Numa leitura desatenta das primeiras linhas do Gênesis, é
bem comum não perceber detalhes importantes que dizem respeito ao modo de narrar
a criação do mundo por Deus. Procuramos, neste pequeno texto, indicar algumas
percepções que podem ajudar a compreender de modo novo qual era a concepção dos
antigos escritores hebreus com relação a este tema.
Os dois primeiros capítulos do Gênesis tratam da Criação do
planeta, de tudo o que nele existe, e principalmente do homem. Tratam também do
relacionamento entre o homem e a totalidade da Criação. No entanto, os dois
capítulos não formam uma narrativa linear: ao contrário, são duas narrativas
justapostas que apresentam substanciais diferenças entre si.

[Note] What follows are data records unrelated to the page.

(* Let $p$ be a pattern graph, $d$ a data graph and $V_c(p)$ a vertex cover of $p$, and assume $M(p,d)\neq\emptyset$. Let $R=S_{plain}/S_{comp}$ be the compression ratio, where $S_{plain}=|V(p)|\cdot|M(p,d)|$ and $S_{comp}=\sum_{s}\mathrm{size}(f|s)$, the sum ranging over all skeletons $s:V_c(p)\to V(d)$ with $M|s\neq\emptyset$. Then $$R\ \ge\ \frac{|V(p)|\cdot |M(p,d)|}{|V(p)|\cdot |M(p,d)| + |V_c(p)|\cdot \big(|M(p[V_c(p)],d)| - |M(p,d)|\big)}.$$
   Context: Graphs are finite, simple and undirected. $p$ (the pattern) and $d$ (the data graph) are graphs, the vertices of $d$ carry a fixed total order, and $\mathbf{ord}$ is a set of ordered pairs of vertices of $p$ (a symmetry-breaking partial order). For a subgraph $p'$ of $p$, a match of $p'$ in $d$ is an injective map $f:V(p')\to V(d)$ such that $(f(x),f(y))\in E(d)$ for every edge $(x,y)\in E(p')$ and $f(x)<f(y)$ for every $(x,y)\in\mathbf{ord}$ with $x,y\in V(p')$; $M(p',d)$ denotes the set of matches of $p'$ in $d$. A vertex cover of $p$ is a set $V_c(p)\subseteq V(p)$ containing at least one endpoint of every edge of $p$, and $p[V_c(p)]$ is the subgraph of $p$ induced on $V_c(p)$. For a skeleton $s:V_c(p)\to V(d)$, $M|s=\{f\in M(p,d): f|_{V_c(p)}=s\}$. Storage model: each vertex occupies one integer. The compressed form $f|s$ of $M|s$ stores $s$ ($|V_c(p)|$ integers) and, for each $v\in V(p)\setminus V_c(p)$, the set $f|s(v)=\{f(v):f\in M|s\}$ ($|f|s(v)|$ integers), so $\mathrm{size}(f|s)=|V_c(p)|+\sum_{v\in V(p)\setminus V_c(p)}|f|s(v)|$. *)

theory Defs
  imports Complex_Main "HOL-Library.FuncSet"
begin

definition simple_graph :: "'v set \<Rightarrow> ('v \<times> 'v) set \<Rightarrow> bool" where
  "simple_graph V E \<longleftrightarrow> finite V \<and> E \<subseteq> V \<times> V \<and> sym E \<and> irrefl E"

definition induced_edges :: "('a \<times> 'a) set \<Rightarrow> 'a set \<Rightarrow> ('a \<times> 'a) set" where
  "induced_edges E S = {(x, y). (x, y) \<in> E \<and> x \<in> S \<and> y \<in> S}"

text \<open>Matches M(p',d) of the subgraph p' = (S, E') of p in d = (Vd, Ed), respecting
the symmetry-breaking order ord.  Maps are represented as functions that are
extensional (undefined) outside S.\<close>
definition matches ::
  "'a set \<Rightarrow> ('a \<times> 'a) set \<Rightarrow> ('a \<times> 'a) set \<Rightarrow> 'b::linorder set \<Rightarrow> ('b \<times> 'b) set \<Rightarrow> ('a \<Rightarrow> 'b) set" where
  "matches S E' ord Vd Ed =
     {f. f \<in> S \<rightarrow>\<^sub>E Vd \<and> inj_on f S
         \<and> (\<forall>(x, y) \<in> E'. (f x, f y) \<in> Ed)
         \<and> (\<forall>(x, y) \<in> ord. x \<in> S \<longrightarrow> y \<in> S \<longrightarrow> f x < f y)}"

definition vertex_cover :: "'a set \<Rightarrow> ('a \<times> 'a) set \<Rightarrow> 'a set \<Rightarrow> bool" where
  "vertex_cover Vp Ep Vc \<longleftrightarrow> Vc \<subseteq> Vp \<and> (\<forall>(x, y) \<in> Ep. x \<in> Vc \<or> y \<in> Vc)"

definition matches_given ::
  "'a set \<Rightarrow> ('a \<times> 'a) set \<Rightarrow> ('a \<times> 'a) set \<Rightarrow> 'b::linorder set \<Rightarrow> ('b \<times> 'b) set
   \<Rightarrow> 'a set \<Rightarrow> ('a \<Rightarrow> 'b) \<Rightarrow> ('a \<Rightarrow> 'b) set" where
  "matches_given Vp Ep ord Vd Ed Vc s = {f \<in> matches Vp Ep ord Vd Ed. restrict f Vc = s}"

definition comp_size ::
  "'a set \<Rightarrow> ('a \<times> 'a) set \<Rightarrow> ('a \<times> 'a) set \<Rightarrow> 'b::linorder set \<Rightarrow> ('b \<times> 'b) set
   \<Rightarrow> 'a set \<Rightarrow> ('a \<Rightarrow> 'b) \<Rightarrow> nat" where
  "comp_size Vp Ep ord Vd Ed Vc s =
     card Vc + (\<Sum>v \<in> Vp - Vc. card ((\<lambda>f. f v) ` matches_given Vp Ep ord Vd Ed Vc s))"

definition skeletons ::
  "'a set \<Rightarrow> ('a \<times> 'a) set \<Rightarrow> ('a \<times> 'a) set \<Rightarrow> 'b::linorder set \<Rightarrow> ('b \<times> 'b) set
   \<Rightarrow> 'a set \<Rightarrow> ('a \<Rightarrow> 'b) set" where
  "skeletons Vp Ep ord Vd Ed Vc =
     {s. s \<in> Vc \<rightarrow>\<^sub>E Vd \<and> matches_given Vp Ep ord Vd Ed Vc s \<noteq> {}}"

definition S_plain ::
  "'a set \<Rightarrow> ('a \<times> 'a) set \<Rightarrow> ('a \<times> 'a) set \<Rightarrow> 'b::linorder set \<Rightarrow> ('b \<times> 'b) set \<Rightarrow> nat" where
  "S_plain Vp Ep ord Vd Ed = card Vp * card (matches Vp Ep ord Vd Ed)"

definition S_comp ::
  "'a set \<Rightarrow> ('a \<times> 'a) set \<Rightarrow> ('a \<times> 'a) set \<Rightarrow> 'b::linorder set \<Rightarrow> ('b \<times> 'b) set
   \<Rightarrow> 'a set \<Rightarrow> nat" where
  "S_comp Vp Ep ord Vd Ed Vc =
     (\<Sum>s \<in> skeletons Vp Ep ord Vd Ed Vc. comp_size Vp Ep ord Vd Ed Vc s)"

definition compression_ratio ::
  "'a set \<Rightarrow> ('a \<times> 'a) set \<Rightarrow> ('a \<times> 'a) set \<Rightarrow> 'b::linorder set \<Rightarrow> ('b \<times> 'b) set
   \<Rightarrow> 'a set \<Rightarrow> real" where
  "compression_ratio Vp Ep ord Vd Ed Vc =
     real (S_plain Vp Ep ord Vd Ed) / real (S_comp Vp Ep ord Vd Ed Vc)"

end

theory Submission
  imports Defs
begin

text \<open>The matches of p are partitioned by their skeletons, and every skeleton is itself a
match of p[Vc], so there are at most |M(p[Vc],d)| of them. Each compressed block stores |Vc|
integers plus, for every vertex outside the cover, at most |M|s| values. Summing over the
skeletons gives S_comp \<le> |Vc| |M(p[Vc],d)| + (|V(p)| - |Vc|) |M(p,d)|, which is exactly
the denominator of the bound.\<close>

lemma finite_matches:
  assumes "finite S" and "finite Vd"
  shows "finite (matches S E ord Vd Ed)"
  by (rule finite_subset[of _ "S \<rightarrow>\<^sub>E Vd"]) (auto simp: matches_def finite_PiE assms)

lemma restrict_in_matches_induced:
  assumes f: "f \<in> matches Vp Ep ord Vd Ed" and "Vc \<subseteq> Vp"
  shows "restrict f Vc \<in> matches Vc (induced_edges Ep Vc) ord Vd Ed"
proof -
  have "f \<in> Vp \<rightarrow>\<^sub>E Vd" "inj_on f Vp" "\<forall>(x, y) \<in> Ep. (f x, f y) \<in> Ed"
    "\<forall>(x, y) \<in> ord. x \<in> Vp \<longrightarrow> y \<in> Vp \<longrightarrow> f x < f y"
    using f by (auto simp: matches_def)
  with \<open>Vc \<subseteq> Vp\<close> show ?thesis
    by (auto simp: matches_def induced_edges_def inj_on_def subset_iff)
qed

lemma skeletons_eq_image_restrict:
  assumes "Vc \<subseteq> Vp"
  shows "skeletons Vp Ep ord Vd Ed Vc = (\<lambda>f. restrict f Vc) ` matches Vp Ep ord Vd Ed"
proof
  show "skeletons Vp Ep ord Vd Ed Vc \<subseteq> (\<lambda>f. restrict f Vc) ` matches Vp Ep ord Vd Ed"
    by (auto simp: skeletons_def matches_given_def)
  show "(\<lambda>f. restrict f Vc) ` matches Vp Ep ord Vd Ed \<subseteq> skeletons Vp Ep ord Vd Ed Vc"
    using assms by (fastforce simp: skeletons_def matches_given_def matches_def)
qed

lemma card_skeletons_le:
  assumes "Vc \<subseteq> Vp" and "finite Vc" and "finite Vd"
  shows "card (skeletons Vp Ep ord Vd Ed Vc) \<le> card (matches Vc (induced_edges Ep Vc) ord Vd Ed)"
proof (rule card_mono)
  show "finite (matches Vc (induced_edges Ep Vc) ord Vd Ed)"
    using assms by (simp add: finite_matches)
  show "skeletons Vp Ep ord Vd Ed Vc \<subseteq> matches Vc (induced_edges Ep Vc) ord Vd Ed"
    using assms(1) by (auto simp: skeletons_eq_image_restrict restrict_in_matches_induced)
qed

lemma sum_card_matches_given:
  assumes "Vc \<subseteq> Vp" and "finite (matches Vp Ep ord Vd Ed)"
  shows "(\<Sum>s \<in> skeletons Vp Ep ord Vd Ed Vc. card (matches_given Vp Ep ord Vd Ed Vc s))
    = card (matches Vp Ep ord Vd Ed)"
proof -
  let ?K = "skeletons Vp Ep ord Vd Ed Vc" and ?M = "matches Vp Ep ord Vd Ed"
  have "?M = (\<Union>s \<in> ?K. matches_given Vp Ep ord Vd Ed Vc s)"
    using assms(1) by (auto simp: skeletons_eq_image_restrict matches_given_def)
  moreover have "card (\<Union>s \<in> ?K. matches_given Vp Ep ord Vd Ed Vc s)
      = (\<Sum>s \<in> ?K. card (matches_given Vp Ep ord Vd Ed Vc s))"
    using assms by (intro card_UN_disjoint)
      (auto simp: skeletons_eq_image_restrict matches_given_def)
  ultimately show ?thesis by simp
qed

lemma comp_size_le:
  assumes "finite (matches Vp Ep ord Vd Ed)"
  shows "comp_size Vp Ep ord Vd Ed Vc s
    \<le> card Vc + card (Vp - Vc) * card (matches_given Vp Ep ord Vd Ed Vc s)"
proof -
  have "finite (matches_given Vp Ep ord Vd Ed Vc s)"
    using assms by (simp add: matches_given_def)
  then have "(\<Sum>v \<in> Vp - Vc. card ((\<lambda>f. f v) ` matches_given Vp Ep ord Vd Ed Vc s))
      \<le> (\<Sum>v \<in> Vp - Vc. card (matches_given Vp Ep ord Vd Ed Vc s))"
    by (intro sum_mono card_image_le)
  then show ?thesis by (simp add: comp_size_def)
qed

lemma S_comp_le:
  assumes "Vc \<subseteq> Vp" and "finite Vp" and "finite Vd"
  shows "S_comp Vp Ep ord Vd Ed Vc \<le> card Vc * card (matches Vc (induced_edges Ep Vc) ord Vd Ed)
    + (card Vp - card Vc) * card (matches Vp Ep ord Vd Ed)"
proof -
  let ?K = "skeletons Vp Ep ord Vd Ed Vc"
  have finite_Vc: "finite Vc" and finite_M: "finite (matches Vp Ep ord Vd Ed)"
    using assms finite_subset by (auto simp: finite_matches)
  have "S_comp Vp Ep ord Vd Ed Vc
      \<le> (\<Sum>s \<in> ?K. card Vc + card (Vp - Vc) * card (matches_given Vp Ep ord Vd Ed Vc s))"
    unfolding S_comp_def using finite_M by (intro sum_mono comp_size_le)
  also have "\<dots> = card ?K * card Vc + card (Vp - Vc) * card (matches Vp Ep ord Vd Ed)"
    using assms(1) finite_M
    by (simp add: sum.distrib sum_distrib_left[symmetric] sum_card_matches_given)
  also have "\<dots> \<le> card Vc * card (matches Vc (induced_edges Ep Vc) ord Vd Ed)
      + (card Vp - card Vc) * card (matches Vp Ep ord Vd Ed)"
    using card_skeletons_le[OF assms(1) finite_Vc assms(3), of Ep ord Ed]
    by (simp add: card_Diff_subset[OF finite_Vc assms(1)])
  finally show ?thesis .
qed

lemma comp_size_pos:
  assumes "Vp \<noteq> {}" and "finite Vp" and "Vc \<subseteq> Vp"
    and "finite (matches Vp Ep ord Vd Ed)" and "matches_given Vp Ep ord Vd Ed Vc s \<noteq> {}"
  shows "comp_size Vp Ep ord Vd Ed Vc s > 0"
proof (cases "Vc = {}")
  case True
  then obtain v where v: "v \<in> Vp - Vc" using assms(1) by blast
  have "finite (matches_given Vp Ep ord Vd Ed Vc s)"
    using assms(4) by (simp add: matches_given_def)
  then have "card ((\<lambda>f. f v) ` matches_given Vp Ep ord Vd Ed Vc s) > 0"
    using assms(5) by (simp add: card_gt_0_iff)
  moreover have "card ((\<lambda>f. f v) ` matches_given Vp Ep ord Vd Ed Vc s)
      \<le> (\<Sum>v \<in> Vp - Vc. card ((\<lambda>f. f v) ` matches_given Vp Ep ord Vd Ed Vc s))"
    using v assms(2) by (intro member_le_sum) auto
  ultimately show ?thesis by (simp add: comp_size_def)
next
  case False
  then have "card Vc > 0"
    using assms(2,3) finite_subset by (auto simp: card_gt_0_iff)
  then show ?thesis by (simp add: comp_size_def)
qed

lemma S_comp_pos:
  assumes "Vp \<noteq> {}" and "finite Vp" and "Vc \<subseteq> Vp"
    and "finite (matches Vp Ep ord Vd Ed)" and "matches Vp Ep ord Vd Ed \<noteq> {}"
  shows "0 < S_comp Vp Ep ord Vd Ed Vc"
proof -
  obtain s where s: "s \<in> skeletons Vp Ep ord Vd Ed Vc"
    using assms(3,5) by (auto simp: skeletons_eq_image_restrict)
  then have "0 < comp_size Vp Ep ord Vd Ed Vc s"
    using assms(1-4) by (intro comp_size_pos) (auto simp: skeletons_def)
  also have "\<dots> \<le> S_comp Vp Ep ord Vd Ed Vc"
    unfolding S_comp_def using s assms(3,4)
    by (intro member_le_sum) (auto simp: skeletons_eq_image_restrict)
  finally show ?thesis .
qed

theorem mainTheorem2:
  fixes Vp :: "'a set" and Ep ord :: "('a \<times> 'a) set"
    and Vd :: "'b::linorder set" and Ed :: "('b \<times> 'b) set" and Vc :: "'a set"
  assumes "simple_graph Vp Ep" and "simple_graph Vd Ed"
    and "ord \<subseteq> Vp \<times> Vp"
    and "vertex_cover Vp Ep Vc"
    and "matches Vp Ep ord Vd Ed \<noteq> {}"
  shows "compression_ratio Vp Ep ord Vd Ed Vc \<ge>
    real (card Vp * card (matches Vp Ep ord Vd Ed)) /
      (real (card Vp * card (matches Vp Ep ord Vd Ed))
       + real (card Vc) * (real (card (matches Vc (induced_edges Ep Vc) ord Vd Ed))
                           - real (card (matches Vp Ep ord Vd Ed))))"
proof (cases "Vp = {}")
  case True
  then show ?thesis by (simp add: compression_ratio_def S_plain_def)
next
  case False
  let ?M = "matches Vp Ep ord Vd Ed" and ?Mc = "matches Vc (induced_edges Ep Vc) ord Vd Ed"
  let ?S = "S_comp Vp Ep ord Vd Ed Vc"
  have finite_Vp: "finite Vp" and finite_Vd: "finite Vd"
    using assms(1,2) by (auto simp: simple_graph_def)
  have Vc_sub: "Vc \<subseteq> Vp" using assms(4) by (simp add: vertex_cover_def)
  have finite_M: "finite ?M" using finite_Vp finite_Vd by (rule finite_matches)
  have S_pos: "0 < ?S"
    using False finite_Vp Vc_sub finite_M assms(5) by (rule S_comp_pos)
  have "real ?S \<le> real (card Vc * card ?Mc + (card Vp - card Vc) * card ?M)"
    using S_comp_le[OF Vc_sub finite_Vp finite_Vd] by (simp only: of_nat_le_iff)
  also have "\<dots> = real (card Vp * card ?M) + real (card Vc) * (real (card ?Mc) - real (card ?M))"
    using card_mono[OF finite_Vp Vc_sub]
    by (simp only: of_nat_add of_nat_mult of_nat_diff) (simp add: algebra_simps)
  finally have S_le: "real ?S \<le> \<dots>" .
  have "0 < real (card Vp * card ?M)"
    using False finite_Vp finite_M assms(5) by (simp add: card_gt_0_iff)
  with S_le S_pos show ?thesis
    unfolding compression_ratio_def S_plain_def by (intro divide_left_mono) auto
qed

end
(* For every $s\in[0,1]$, $$\{(g(s,x),h(s,x)):x\in[a,b]\}=\{(x,w(x)+s\varphi(x)):x\in[a,b]\}.$$
   Context: Let $w\in C^3(\mathbb R)$ be periodic with $w>0$ on $[-1,1]$. Let $-1<a<b<1$ and let $\varphi:[a,b]\to\mathbb R$ be a polynomial with $\varphi^{(k)}(a)=\varphi^{(k)}(b)=0$ for $k=0,1,2,3$, extended by zero outside $[a,b]$. For $x\in\mathbb R$, $(\xi(t,x),\eta(t,x))$ is the unique global solution of $$\frac{d\xi}{dt}=-w'(\xi)\varphi(\xi)-(\eta-w(\xi))\varphi'(\xi),\quad\frac{d\eta}{dt}=\varphi(\xi),\quad \xi(0)=x,\ \eta(0)=w(x).$$ For $s\in[0,1]$, $t_0(s,x)\ge0$ denotes the first time $t\ge0$ with $\eta(t,x)=w(\xi(t,x))+s\varphi(\xi(t,x))$ (it exists). Set $g(s,x)=\xi(t_0(s,x),x)$ and $h(s,x)=\eta(t_0(s,x),x)$. *)

theory Defs
  imports "HOL-Analysis.Analysis" "HOL-Computational_Algebra.Polynomial"
begin

definition C_k :: "nat \<Rightarrow> (real \<Rightarrow> real) \<Rightarrow> bool" where
  "C_k k f \<longleftrightarrow> (\<forall>j<k. \<forall>x. ((deriv ^^ j) f) differentiable (at x))
                  \<and> continuous_on UNIV ((deriv ^^ k) f)"

definition periodic_fun :: "(real \<Rightarrow> real) \<Rightarrow> bool" where
  "periodic_fun f \<longleftrightarrow> (\<exists>T>0. \<forall>x. f (x + T) = f x)"

definition ext_zero :: "real poly \<Rightarrow> real \<Rightarrow> real \<Rightarrow> real \<Rightarrow> real" where
  "ext_zero p a b x = (if a \<le> x \<and> x \<le> b then poly p x else 0)"

definition first_time ::
  "(real \<Rightarrow> real \<Rightarrow> real) \<Rightarrow> (real \<Rightarrow> real \<Rightarrow> real) \<Rightarrow> (real \<Rightarrow> real) \<Rightarrow> (real \<Rightarrow> real)
    \<Rightarrow> real \<Rightarrow> real \<Rightarrow> real" where
  "first_time \<xi> \<eta> w \<phi> s x = Inf {t. 0 \<le> t \<and> \<eta> t x = w (\<xi> t x) + s * \<phi> (\<xi> t x)}"

end

theory Submission
  imports Defs
begin
lemma approx_scheme_eventually_close:
  assumes "approx_scheme p A" "\<forall>k. seminorm (p k)" "0 < g"
  shows "\<forall>\<^sub>F n in sequentially. \<exists>b\<in>A n. p k (z - b) < g"
proof -
  have "0 < (1/2::real) ^ k * (g / (1 + g))" using \<open>0 < g\<close> by simp
  then obtain b where "b \<in> (\<Union>n. A n)" "sn_dist p z b < (1/2) ^ k * (g / (1 + g))"
    using assms(1) unfolding approx_scheme_def by meson
  then obtain r where "b \<in> A r" "p k (z - b) < g"
    using seminorm_less_if_sn_dist_less[OF assms(2,3)] by blast
  then have "\<exists>b\<in>A n. p k (z - b) < g" if "r \<le> n" for n
    using approx_scheme_mono[OF assms(1) that] by blast
  then show ?thesis
    unfolding eventually_sequentially by blast
qed

lemma less_seminorm_if_less_INF:
  assumes "seminorm q" "\<delta> < (INF a\<in>S. q (y - a))" "z \<in> S"
  shows "\<delta> < q (y - z)"
proof -
  have "bdd_below ((\<lambda>a. q (y - a)) ` S)"
    using seminorm_nonneg[OF assms(1)] by (intro bdd_belowI2) auto
  then have "(INF a\<in>S. q (y - a)) \<le> q (y - z)"
    by (rule cINF_lower[OF _ assms(3)])
  with assms(2) show ?thesis by linarith
qed

lemma best_err_ge_if_seminorm_ge:
  assumes "\<forall>k. seminorm (p k)" "S \<noteq> {}" "0 \<le> r" "\<And>a. a \<in> S \<Longrightarrow> r \<le> p k (l - a)"
  shows "(1/2) ^ k * (r / (1 + r)) \<le> best_err p l S"
  unfolding best_err_def
proof (rule cINF_greatest[OF assms(2)])
  fix a assume "a \<in> S"
  then have "(1/2) ^ k * (r / (1 + r)) \<le> (1/2) ^ k * (p k (l - a) / (1 + p k (l - a)))"
    using assms frac_one_plus_le_iff[of r "p k (l - a)"] seminorm_nonneg by (intro mult_left_mono) auto
  also have "\<dots> \<le> sn_dist p l a"
    by (rule sn_dist_term_le[OF assms(1)])
  finally show "(1/2) ^ k * (r / (1 + r)) \<le> sn_dist p l a" .
qed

Observemos a princípio que o primeiro relato é o que se
inicia em Gn 1,1 e é concluído em Gn 2,4a: “Essa é a história da criação do céu
e da terra”. É uma narrativa completa, marcada pelos paralelismos e repetições,
que lhe conferem ritmo e um belo estilo. Cada etapa da criação conclui-se em um
de seus sete dias, encerrados pelo passar de uma tarde e uma manhã e pela
constatação, da parte de Deus, de que sua obra é boa. No sexto dia, Deus criou
o homem. É imprescindível perceber que, segundo este primeiro relato, Deus cria
o ser humano à sua imagem, macho e fêmea. Abençoando-os, pede que povoem a
terra e entrega-lhes, como dádiva, toda a criação. Ao final do sexto dia, Deus
olha para a totalidade da criação e percebe que “tudo era muito bom” (v.31),
não só o ser humano criado.
O segundo relato é o que começa em Gn 2,4b: “No dia em que
YHWH Deus fez a terra e o céu, (...)”. No princípio deste relato, nada ainda
havia sido criado, o que já deixa claro que o trecho não pode ser mera
continuação do anterior. Não há repetições e nem mesmo a marcação dos sete
dias. Esta narrativa parece mais simples do ponto de vista do estilo e mais
suscinta, apresentando apenas duas fases no processo da criação: a criação do homem
e a criação da natureza.
A exegese bíblica atual concorda que as duas narrativas não aparecem em ordem cronológica quanto à sua redação: a segunda é mais antiga que a primeira. Enquanto Gn 1,1–2,4a provavelmente tenha sido composta no período exílico, por volta do séc. VI
a.E.C., o relato de Gn 2,4b-25 talvez seja obra que remonta ao séc. X a.E.C.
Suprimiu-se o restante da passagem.